[Start of Attachment]

lemma maximal_ideals_avoid:
  assumes "maximal_ideal p" "maximal_ideal q" "maximal_ideal r" "p \<noteq> r" "q \<noteq> r"
  shows "\<exists>y. y \<in> p \<and> y \<in> q \<and> y \<notin> r"
proof -
  obtain x where "x \<in> p" "x \<notin> r" using assms(1,3,4) maximal_ideal_subset_imp_eq by blast
  obtain z where "z \<in> q" "z \<notin> r" using assms(2,3,5) maximal_ideal_subset_imp_eq by blast
  have "x * z \<in> p" using maximal_ideal_is_ideal[OF assms(1)] \<open>x \<in> p\<close> by (rule is_ideal_mult_right)
  moreover have "x * z \<in> q" using maximal_ideal_is_ideal[OF assms(2)] \<open>z \<in> q\<close> by (rule is_ideal_mult_left)
  moreover have "x * z \<notin> r" using maximal_ideal_prime[OF assms(3)] \<open>x \<notin> r\<close> \<open>z \<notin> r\<close> by blast
  ultimately show ?thesis by blast
qed

lemma is_ideal_Union_chain:
  assumes "C \<noteq> {}" "\<And>J. J \<in> C \<Longrightarrow> is_ideal J" "\<And>J K. J \<in> C \<Longrightarrow> K \<in> C \<Longrightarrow> J \<subseteq> K \<or> K \<subseteq> J"
  shows "is_ideal (\<Union>C)"
  unfolding is_ideal_def
proof (intro conjI ballI allI)
  show "0 \<in> \<Union>C" using assms(1,2) by (auto simp: is_ideal_def)
next
  fix x y assume "x \<in> \<Union>C" "y \<in> \<Union>C"
  then obtain J where "J \<in> C" "x \<in> J" "y \<in> J" using assms(3) by blast
  then show "x + y \<in> \<Union>C" using assms(2) by (auto simp: is_ideal_def)
next
  fix r x assume "x \<in> \<Union>C"
  then obtain J where "J \<in> C" "x \<in> J" by blast
  then show "r * x \<in> \<Union>C" using assms(2) is_ideal_mult_left by blast
qed

lemma exists_maximal_ideal_superset:
  fixes I :: "'a::comm_ring_1 set"
  assumes "is_ideal I" "I \<noteq> UNIV"
  shows "\<exists>q. maximal_ideal q \<and> I \<subseteq> q"
proof -
  let ?A = "{J. is_ideal J \<and> I \<subseteq> J \<and> (1::'a) \<notin> J}"
  have "\<exists>M\<in>?A. \<forall>J\<in>?A. M \<subseteq> J \<longrightarrow> J = M"
  proof (rule subset_Zorn_nonempty)
    show "?A \<noteq> {}" using assms is_ideal_eq_UNIV_iff by blast
  next
    fix C assume "C \<noteq> {}" "subset.chain ?A C"
    then show "\<Union>C \<in> ?A"
      using is_ideal_Union_chain[of C] by (auto simp: subset.chain_def)
  qed
  then obtain M where "M \<in> ?A" "\<forall>J\<in>?A. M \<subseteq> J \<longrightarrow> J = M" ..
  then have "maximal_ideal M"
    unfolding maximal_ideal_def using is_ideal_eq_UNIV_iff by blast
  with \<open>M \<in> ?A\<close> show ?thesis by blast
qed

[End of Attachment]

Work out the number of lines in the records that contain the string "auto". Nothing but that number should be sent back.

**Answer box**
3